In other news, Sony Inc. issued tacit authorization to Lulzsec by sucking at security a lot…
- http://tryingsense.blogspot.com/ R_Young
  
  That doesn’t follow at all; if you can show any small amount of criminal intent, this automatically wouldn’t apply. Lulsec didn’t just find a way in, crash the servers, and steal tons of cc numbers, they did it and *bragged* about how easy it was.
  - The Rizz
    
    So, the bragging is the part you have a problem with?
    - http://tryingsense.blogspot.com/ R_Young
      
      Frankly my dear, I don’t give a damn.
      
      All I’m sayin’ is the the “setting judicial precedent” argument is bs.

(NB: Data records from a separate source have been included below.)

lemma hat_mat_carrier: "hat_mat Y \<in> carrier_mat n n"
  using Y gram_mat_inverse(1) by (simp add: hat_mat_def)

lemma hat_mat_symmetric: "transpose_mat (hat_mat Y) = hat_mat Y"
proof -
  let ?B = "the (mat_inverse (transpose_mat Y * Y))"
  have B: "?B \<in> carrier_mat k k" "transpose_mat ?B = ?B" using gram_mat_inverse by auto
  have YB: "Y * ?B \<in> carrier_mat n k" using Y B by simp
  have "transpose_mat (Y * ?B * transpose_mat Y) = Y * transpose_mat (Y * ?B)"
    using transpose_mult[OF YB, of "transpose_mat Y" n] Y by simp
  also have "\<dots> = Y * (?B * transpose_mat Y)"
    using transpose_mult[OF Y B(1)] B by simp
  also have "\<dots> = Y * ?B * transpose_mat Y"
    using Y B by (simp add: assoc_mult_mat[of Y n k ?B k "transpose_mat Y" n])
  finally show ?thesis unfolding hat_mat_def .
qed

lemma hat_mat_mult_self: "hat_mat Y * Y = Y"
proof -
  let ?B = "the (mat_inverse (transpose_mat Y * Y))"
  have B: "?B \<in> carrier_mat k k" "?B * (transpose_mat Y * Y) = 1\<^sub>m k" using gram_mat_inverse by auto
  have YT: "transpose_mat Y \<in> carrier_mat k n" using Y by simp
  have "hat_mat Y * Y = Y * ?B * (transpose_mat Y * Y)"
    unfolding hat_mat_def by (rule assoc_mult_mat[OF mult_carrier_mat[OF Y B(1)] YT Y])
  also have "\<dots> = Y * (?B * (transpose_mat Y * Y))"
    by (rule assoc_mult_mat[OF Y B(1) mult_carrier_mat[OF YT Y]])
  finally show ?thesis using B Y by simp
qed
lemma norm_diagm_diff_ge_if_rank_less:
  fixes e0 :: "'a::finite \<Rightarrow> nat" and e1 :: "'b::finite \<Rightarrow> nat" and B :: "real^'a^'b"
  assumes e0: "bij_betw e0 UNIV {..<CARD('a)}" and e1: "bij_betw e1 UNIV {..<CARD('b)}"
    and na: "n \<le> CARD('a)" and nb: "n \<le> CARD('b)"
    and J: "J \<subseteq> {..<n}" and rank: "rank B < card J"
    and t: "0 \<le> t" and large: "\<And>j. j \<in> J \<Longrightarrow> t \<le> \<bar>h j\<bar>"
  shows "t \<le> norm (diagm e1 e0 h n - B)"
proof -
  have "bij_betw e0 (e0 -` J) J"
    using J na e0 by (intro bij_betw_subset[OF e0]) (auto simp: bij_betw_def)
  then have "card (e0 -` J) = card J" by (rule bij_betw_same_card)
  then obtain x where x: "x \<noteq> 0" "\<And>a. a \<notin> e0 -` J \<Longrightarrow> x$a = 0" "B *v x = 0"
    using exists_kernel_vector_supported[of B "e0 -` J"] rank by auto
  have "t * norm x \<le> norm (diagm e1 e0 h n *v x)"
    using e0 J x(2) large by (intro norm_diagm_mult_vector_ge[OF _ e1 nb t]) (auto simp: bij_betw_def)
  also have "\<dots> = norm ((diagm e1 e0 h n - B) *v x)"
    using x(3) by (simp add: matrix_vector_mult_diff_rdistrib)
  also have "\<dots> \<le> norm (diagm e1 e0 h n - B) * norm x" by (rule norm_matrix_vector_mult_le)
  finally show ?thesis using x(1) by simp
qed

lemma rank_Sig1_le:
  fixes e0 :: "'a::finite \<Rightarrow> nat" and e1 :: "'b::finite \<Rightarrow> nat"
  assumes "inj e0"
  shows "rank (Sig1 e0 e1 \<sigma>) \<le> card {j. j < length \<sigma> \<and> \<sigma>!j \<noteq> 0}"
proof -
  let ?S = "Sig1 e0 e1 \<sigma>"
  define Z where "Z = {a. e0 a < length \<sigma> \<and> \<sigma>!(e0 a) \<noteq> 0}"
  have "column a ?S = 0" if "a \<notin> Z" for a
    using that unfolding column_def Sig1_def Z_def by (auto simp: vec_eq_iff)
  then have "column a ?S \<in> span ((\<lambda>a. column a ?S) ` Z)" for a
    by (metis imageI span_base span_zero)
  then have "columns ?S \<subseteq> span ((\<lambda>a. column a ?S) ` Z)"
    unfolding columns_def by auto
  then have "dim (columns ?S) \<le> card ((\<lambda>a. column a ?S) ` Z)"
    by (intro dim_le_card) auto
  also have "\<dots> \<le> card Z" by (rule card_image_le) simp
  also have "\<dots> \<le> card {j. j < length \<sigma> \<and> \<sigma>!j \<noteq> 0}"
    by (rule card_inj_on_le[of e0]) (use assms in \<open>auto simp: Z_def inj_on_def inj_def\<close>)
  finally show ?thesis by (simp add: column_rank_def)
qed
lemma det_galois_matrix_nonzero:
  assumes "GL \<iota> (skew_map z0 z1 z2)"
  shows "det (galois_matrix z0 z1 z2) \<noteq> 0"
proof -
  obtain w0 w1 w2 where w: "inv (skew_map z0 z1 z2) = skew_map w0 w1 w2"
    using GL_inv[OF assms] linear_eq_skew_map unfolding GL_def by blast
  have "skew_map z0 z1 z2 \<circ> inv (skew_map z0 z1 z2) = id"
    using assms by (metis GL_def bij_is_surj surj_iff)
  then have "skew_map z0 z1 z2 \<circ> skew_map w0 w1 w2 = skew_map 1 0 0"
    by (simp add: w skew_map_id)
  then have "galois_matrix z0 z1 z2 ** galois_matrix w0 w1 w2 = mat 1"
    by (simp only: skew_map_comp skew_map_inject galois_matrix_mult flip: galois_matrix_one)
  then have "det (galois_matrix z0 z1 z2) * det (galois_matrix w0 w1 w2) = 1"
    by (simp flip: det_mul)
  then show ?thesis
    by auto
qed

end

definition form_pattern :: "nat \<Rightarrow> bool \<times> bool \<times> bool" where
  "form_pattern k =
    (if k = 1 then (True, True, True) else if k = 2 then (True, False, True)
     else if k = 3 then (True, True, False) else if k = 4 then (True, False, False)
     else if k = 5 then (False, True, True) else if k = 6 then (False, False, True)
     else (False, True, False))"

lemma atLeastAtMost_1_7: "k \<in> {1..7} \<longleftrightarrow> k = 1 \<or> k = 2 \<or> k = 3 \<or> k = 4 \<or> k = 5 \<or> k = 6 \<or> k = (7::nat)"
  by auto

lemma form_pattern_inject: "i \<in> {1..7} \<Longrightarrow> j \<in> {1..7} \<Longrightarrow> form_pattern i = form_pattern j \<longleftrightarrow> i = j"
  unfolding atLeastAtMost_1_7 by (elim disjE) (simp_all add: form_pattern_def)

lemma form_pattern_surj: "p \<noteq> (False, False, False) \<Longrightarrow> \<exists>k\<in>{1..7}. form_pattern k = p"
  unfolding Bex_def atLeastAtMost_1_7
  by (cases p) (auto simp: form_pattern_def conj_disj_distribR ex_disj_distrib)

context cyclic_cubic
begin

lemma cnorm_eq_0_iff [simp]: "cnorm \<tau> y = 0 \<longleftrightarrow> y = 0"
  by (simp add: cnorm_def)

lemma cnorm_zero [simp]: "cnorm \<tau> 0 = 0"
  and ctrace_zero [simp]: "ctrace \<tau> 0 = 0"
  by (simp_all add: cnorm_def ctrace_def)

lemma det_galois_matrix_normalized:
  "det (galois_matrix 1 z1 z2) = 1 + (cnorm \<tau> z1 + cnorm \<tau> z2 - ctrace \<tau> (\<tau> z1 * \<tau> (\<tau> z2)))"
  "det (galois_matrix 0 z1 z2) = cnorm \<tau> z1 + cnorm \<tau> z2"
  by (simp_all add: det_galois_matrix cnorm_def)

lemma skew_map_forms:
  "(\<lambda>x. x + y1 * \<tau> x + y2 * \<tau> (\<tau> x)) = skew_map 1 y1 y2"
  "(\<lambda>x. x + y2 * \<tau> (\<tau> x)) = skew_map 1 0 y2"
  "(\<lambda>x. x + y1 * \<tau> x) = skew_map 1 y1 0"
  "id = skew_map 1 0 0"
  "(\<lambda>x. y1 * \<tau> x + y2 * \<tau> (\<tau> x)) = skew_map 0 y1 y2"
  "(\<lambda>x. y2 * \<tau> (\<tau> x)) = skew_map 0 0 y2"
  "(\<lambda>x. y1 * \<tau> x) = skew_map 0 y1 0"
  by (simp_all add: skew_map_def fun_eq_iff)
text \<open>Connectivity of E is not needed: for unreachable pairs gdist takes the junk value of
  LEAST on an empty set, and the argument only uses that setdist is a minimum of gdist.\<close>

theorem theorem3p4:
  fixes E :: "'v::finite \<Rightarrow> 'v \<Rightarrow> bool"
    and \<Psi> :: "'v set \<Rightarrow> ('v, 'q::finite) op"
    and \<alpha> t :: real and X Y :: "'v set" and A B :: "('v, 'q) op"
  assumes "\<alpha> > 0"
    and "connected_graph E"
    and "interaction \<Psi>" and "commuting \<Psi>"
    and "X \<inter> Y = {}"
    and "A \<in> local_alg X" and "B \<in> local_alg Y"
  shows "opnorm (commutator (dynamics \<Psi> t A) B)
           \<le> 4 * interaction_norm E (F_alpha \<alpha>) \<Psi> * opnorm A * opnorm B
               * real (card X) * real (card Y) * \<bar>t\<bar>
               * F_alpha \<alpha> (real (setdist E X Y))"
proof -
  have "opnorm (commutator (dynamics \<Psi> t A) B)
      \<le> 4 * (\<Sum>Z | Z \<inter> X \<noteq> {} \<and> Z \<inter> Y \<noteq> {}. opnorm (\<Psi> Z)) * opnorm A * opnorm B * \<bar>t\<bar>"
    using assms(3-7) by (rule opnorm_commutator_dynamics_le)
  also have "\<dots> \<le> 4 * (real (card X) * real (card Y) * interaction_norm E (F_alpha \<alpha>) \<Psi>
      * F_alpha \<alpha> (real (setdist E X Y))) * opnorm A * opnorm B * \<bar>t\<bar>"
    using assms(1)
    by (intro mult_right_mono mult_left_mono sum_meeting_both_le_setdist F_alpha_pos F_alpha_antimono
        opnorm_nonneg) auto
  finally show ?thesis
    by (simp only: mult_ac)
qed

end
(* Let $M,N\in\mathbb N$ with $M>N$, let $\mathcal B\subseteq\mathcal D^N$, and let $x\in R^{p,0}_\omega$. On $\{-1,1\}^{\mathcal B}$ with the uniform probability, define $W(\theta)=\langle\sum_{K\in\mathcal B}\theta_Kh^M_K,x\rangle$. Then $\mathbb E(W)=0$ and $\mathrm{Var}(W)\le\|x\|_p^2\,|\bigcup\mathcal B|^{1/q}\,2^{-N/q}$, where $|\bigcup\mathcal B|$ is the Lebesgue measure of the union of the intervals in $\mathcal B$.
   Context: Fix $1<p<\infty$, $q=p/(p-1)$, $p^*=\max\{p,q\}$. All $L_r$ spaces are over $[0,1]$ with Lebesgue measure and $\langle g,f\rangle=\int_0^1gf$. A dyadic interval is $[(i-1)2^{-n},i2^{-n})$, $n\ge0$, $1\le i\le2^n$; $\mathcal D^n$ is the set of those of length $2^{-n}$ and $\mathcal D_n=\bigcup_{k=0}^n\mathcal D^k$. For a dyadic interval $I$, $I^+,I^-$ are its left and right halves and $h_I=\chi_{I^+}-\chi_{I^-}$. For each $n\in\mathbb N$ a family $(h^n_I)_{I\in\mathcal D_{n-1}}$ in $L_p$ is fixed with the same joint distribution as $(h_I)_{I\in\mathcal D_{n-1}}$, such that the $\sigma$-algebras $\sigma(h^n_I:I\in\mathcal D_{n-1})$, $n\in\mathbb N$, are independent. Let $\mathcal D_\omega=\{(n,I):n\in\mathbb N,I\in\mathcal D_{n-1}\}$, linearly ordered by $(m,J)\prec(n,I)$ iff $m<n$, or $m=n$ and $J$ precedes $I$ in $\mathcal D_{m-1}$ (intervals ordered first by level, coarser first, then from left to right). $R^{p,0}_\omega$ is the closed linear span of $\{h^n_I:(n,I)\in\mathcal D_\omega\}$ in $L_p$ (a distributional copy of the mean-zero hyperplane of the Bourgain–Rosenthal–Schechtman space $R^p_\omega$); $(h^n_I)_{(n,I)\in\mathcal D_\omega}$, in the order $\prec$, is an unconditional basis of it. *)

theory Defs
  imports "HOL-Probability.Probability"
begin

definition U01 :: "real measure" where
  "U01 = restrict_space lborel {0..1}"

text \<open>Dyadic intervals are encoded as pairs (n,i) with 1 \<le> i \<le> 2^n, standing for
  [(i-1) 2^-n, i 2^-n).\<close>
definition dint :: "nat \<times> nat \<Rightarrow> real set" where
  "dint I = {real (snd I - 1) / 2 ^ fst I ..< real (snd I) / 2 ^ fst I}"

definition Dlev :: "nat \<Rightarrow> (nat \<times> nat) set" where
  "Dlev n = {(n, i) | i. 1 \<le> i \<and> i \<le> 2 ^ n}"

definition Dupto :: "nat \<Rightarrow> (nat \<times> nat) set" where
  "Dupto n = {(k, i) | k i. k \<le> n \<and> 1 \<le> i \<and> i \<le> 2 ^ k}"

definition dleft :: "nat \<times> nat \<Rightarrow> nat \<times> nat" where
  "dleft I = (Suc (fst I), 2 * snd I - 1)"
definition dright :: "nat \<times> nat \<Rightarrow> nat \<times> nat" where
  "dright I = (Suc (fst I), 2 * snd I)"

definition haar :: "nat \<times> nat \<Rightarrow> real \<Rightarrow> real" where
  "haar I t = indicator (dint (dleft I)) t - indicator (dint (dright I)) t"

definition Domega :: "(nat \<times> (nat \<times> nat)) set" where
  "Domega = {(n, I). 1 \<le> n \<and> I \<in> Dupto (n - 1)}"

text \<open>Standing assumptions on the family hh n I = h^n_I: for each n \<ge> 1 the vector
  (h^n_I)_{I \<in> D_{n-1}} has the same joint distribution as (h_I)_{I \<in> D_{n-1}}, and the
  generated sigma-algebras are independent.\<close>
definition haar_copies :: "(nat \<Rightarrow> nat \<times> nat \<Rightarrow> real \<Rightarrow> real) \<Rightarrow> bool" where
  "haar_copies hh \<longleftrightarrow>
     (\<forall>n\<ge>1. \<forall>I\<in>Dupto (n - 1). hh n I \<in> borel_measurable U01) \<and>
     (\<forall>n\<ge>1. distr U01 (PiM (Dupto (n - 1)) (\<lambda>_. borel)) (\<lambda>t. \<lambda>I\<in>Dupto (n - 1). hh n I t)
             = distr U01 (PiM (Dupto (n - 1)) (\<lambda>_. borel)) (\<lambda>t. \<lambda>I\<in>Dupto (n - 1). haar I t)) \<and>
     prob_space.indep_vars U01 (\<lambda>n. PiM (Dupto (n - 1)) (\<lambda>_. borel))
        (\<lambda>n t. \<lambda>I\<in>Dupto (n - 1). hh n I t) {n. 1 \<le> n}"

definition lpnorm :: "real \<Rightarrow> (real \<Rightarrow> real) \<Rightarrow> real" where
  "lpnorm p f = (\<integral>t. \<bar>f t\<bar> powr p \<partial>U01) powr (1 / p)"

definition in_Lp :: "real \<Rightarrow> (real \<Rightarrow> real) \<Rightarrow> bool" where
  "in_Lp p f \<longleftrightarrow> f \<in> borel_measurable U01 \<and> integrable U01 (\<lambda>t. \<bar>f t\<bar> powr p)"

definition Rp0 :: "real \<Rightarrow> (nat \<Rightarrow> nat \<times> nat \<Rightarrow> real \<Rightarrow> real) \<Rightarrow> (real \<Rightarrow> real) set" where
  "Rp0 p hh = {x. in_Lp p x \<and>
     (\<forall>e>0. \<exists>S c. finite S \<and> S \<subseteq> Domega \<and>
        lpnorm p (\<lambda>t. x t - (\<Sum>nI\<in>S. c nI * hh (fst nI) (snd nI) t)) < e)}"

definition signs :: "'a set \<Rightarrow> ('a \<Rightarrow> real) pmf" where
  "signs B = pmf_of_set (PiE B (\<lambda>_. {-1, 1}))"

end

theory Submission
  imports Defs
begin

text \<open>Put a_K = <h^M_K, x>. Under the uniform measure on signs, W = \<Sum>_K \<theta>_K a_K is a
  Rademacher sum, so E W = 0 and Var W = \<Sum>_K a_K^2 \<le> (max_K |a_K|) \<Sum>_K |a_K|.
  Since M > N, every K \<in> B lies in D_{M-1}, so (h^M_K)_K has the joint distribution of the Haar
  functions (h_K)_K. Hence the L_q norms of |h^M_K| and of \<Sum>_{K\<in>B} |h^M_K| can be computed for
  the Haar functions, where |h_K| \<le> 1_K and, the intervals of one level being disjoint,
  \<Sum>_{K\<in>B} |h_K| \<le> 1_{\<Union>B}. Hoelder's inequality then gives |a_K| \<le> 2^{-N/q} \<parallel>x\<parallel>_p and
  \<Sum>_K |a_K| \<le> |\<Union>B|^{1/q} \<parallel>x\<parallel>_p.\<close>

lemma integrable_mult_of_powr:
  fixes f g :: "'a \<Rightarrow> real"
  assumes pq: "p > 1" "q > 1" "1/p + 1/q = 1"
    and f: "f \<in> borel_measurable M" "\<And>x. 0 \<le> f x" "integrable M (\<lambda>x. f x powr p)"
    and g: "g \<in> borel_measurable M" "\<And>x. 0 \<le> g x" "integrable M (\<lambda>x. g x powr q)"
  shows "integrable M (\<lambda>x. f x * g x)"
proof (rule Bochner_Integration.integrable_bound)
  show "integrable M (\<lambda>x. f x powr p / p + g x powr q / q)"
    using f g by auto
  show "AE x in M. norm (f x * g x) \<le> norm (f x powr p / p + g x powr q / q)"
    using Youngs_inequality[OF pq] f g pq by (auto intro!: AE_I2 simp: abs_of_nonneg)
qed (use f g in simp)
lemma cantor_stage_eq_digit_sums:
  assumes "L = (real k - 1) / (2 * real k)"
  shows "cantor_stage k n = (\<lambda>a. (a, a + L^n)) ` cantor_digit_sums L n"
proof (induction n)
  case 0
  show ?case
    by (simp add: cantor_digit_sums_0)
next
  case (Suc n)
  have children: "{(a, a + (a + L^n - a) * L), (a + L^n - (a + L^n - a) * L, a + L^n)}
     = {(a, a + L^Suc n), (a + (1 - L) * L^n, a + (1 - L) * L^n + L^Suc n)}" for a
    by (auto simp: algebra_simps)
  have "cantor_stage k (Suc n) = (\<Union>a\<in>cantor_digit_sums L n.
      {(a, a + (a + L^n - a) * L), (a + L^n - (a + L^n - a) * L, a + L^n)})"
    using Suc by (simp add: assms[symmetric])
  also have "\<dots> = (\<Union>a\<in>cantor_digit_sums L n.
      {(a, a + L^Suc n), (a + (1 - L) * L^n, a + (1 - L) * L^n + L^Suc n)})"
    by (simp only: children)
  also have "\<dots> = (\<lambda>a. (a, a + L^Suc n)) ` cantor_digit_sums L (Suc n)"
    unfolding cantor_digit_sums_Suc_last by auto
  finally show ?case .

qed

lemma middle_kth_cantor_eq_cantor_set:
  "middle_kth_cantor k = cantor_set ((real k - 1) / (2 * real k))"
  unfolding middle_kth_cantor_def cantor_set_def cantor_level_def
  by (auto simp: cantor_stage_eq_digit_sums)

lemma cantor_level_Suc:
  assumes "0 < L"
  shows "t \<in> cantor_level L (Suc n) \<longleftrightarrow>
           t / L \<in> cantor_level L n \<or> (t - (1 - L)) / L \<in> cantor_level L n"
proof -
  have rescale: "(c + L * a \<le> t \<and> t \<le> c + L * a + L ^ Suc n) \<longleftrightarrow>
      (a \<le> (t - c) / L \<and> (t - c) / L \<le> a + L^n)" for a c
    using assms by (auto simp: field_simps)
  show ?thesis
    unfolding cantor_level_def cantor_digit_sums_Suc_first
    using rescale[of 0] rescale[of "1 - L"] by auto
qed

lemma cantor_level_subset:
  assumes "0 < L" "L < 1"
  shows "cantor_level L n \<subseteq> {0..1}"
proof (induction n)
  case 0
  show ?case
    by (simp add: cantor_level_def cantor_digit_sums_0)
next
  case (Suc n)
  have "t / L \<in> {0..1} \<Longrightarrow> t \<in> {0..1}" "(t - (1 - L)) / L \<in> {0..1} \<Longrightarrow> t \<in> {0..1}" for t
    using assms by (auto simp: field_simps)
  then show ?case
    using Suc cantor_level_Suc[OF assms(1)] by blast
qed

If the guy had gone through every email and printed them out, that would be both creepy AND possible show malicious intent.
bzishi

I left my front door unlocked. You now have tacit authorization to enter my house and go through all my records and belongings.
- Antinous / Moderator
  
  I left my front door unlocked.
  
  No, you left your diary open on a public bench. It was a public computer, not her house, not her cell phone, not her laptop.
  - Jake0748
    
    Phooey. More like a letter she was going to send (or a copy of one which she had already sent), fell out of her pocket on a public street. Still not right to read, copy and use it to his advantage.
    - http://tryingsense.blogspot.com/ R_Young
      
      Not right, but should it justify a lawsuit? Read a open letter on the ground, get sued?
  - bzishi
    
    I agree, this is a better analogy.
- http://www.pattayamail.com John Thomas
  
  I’ve tacit authorisation to look through your open door perhaps.
Jake0748

Is it passe to bemoan the absence of common sense in this world today? WTF was wrong with this jury and these courts? The guy snooped on private communications, period. And he doesn’t even get a slap on the wrist.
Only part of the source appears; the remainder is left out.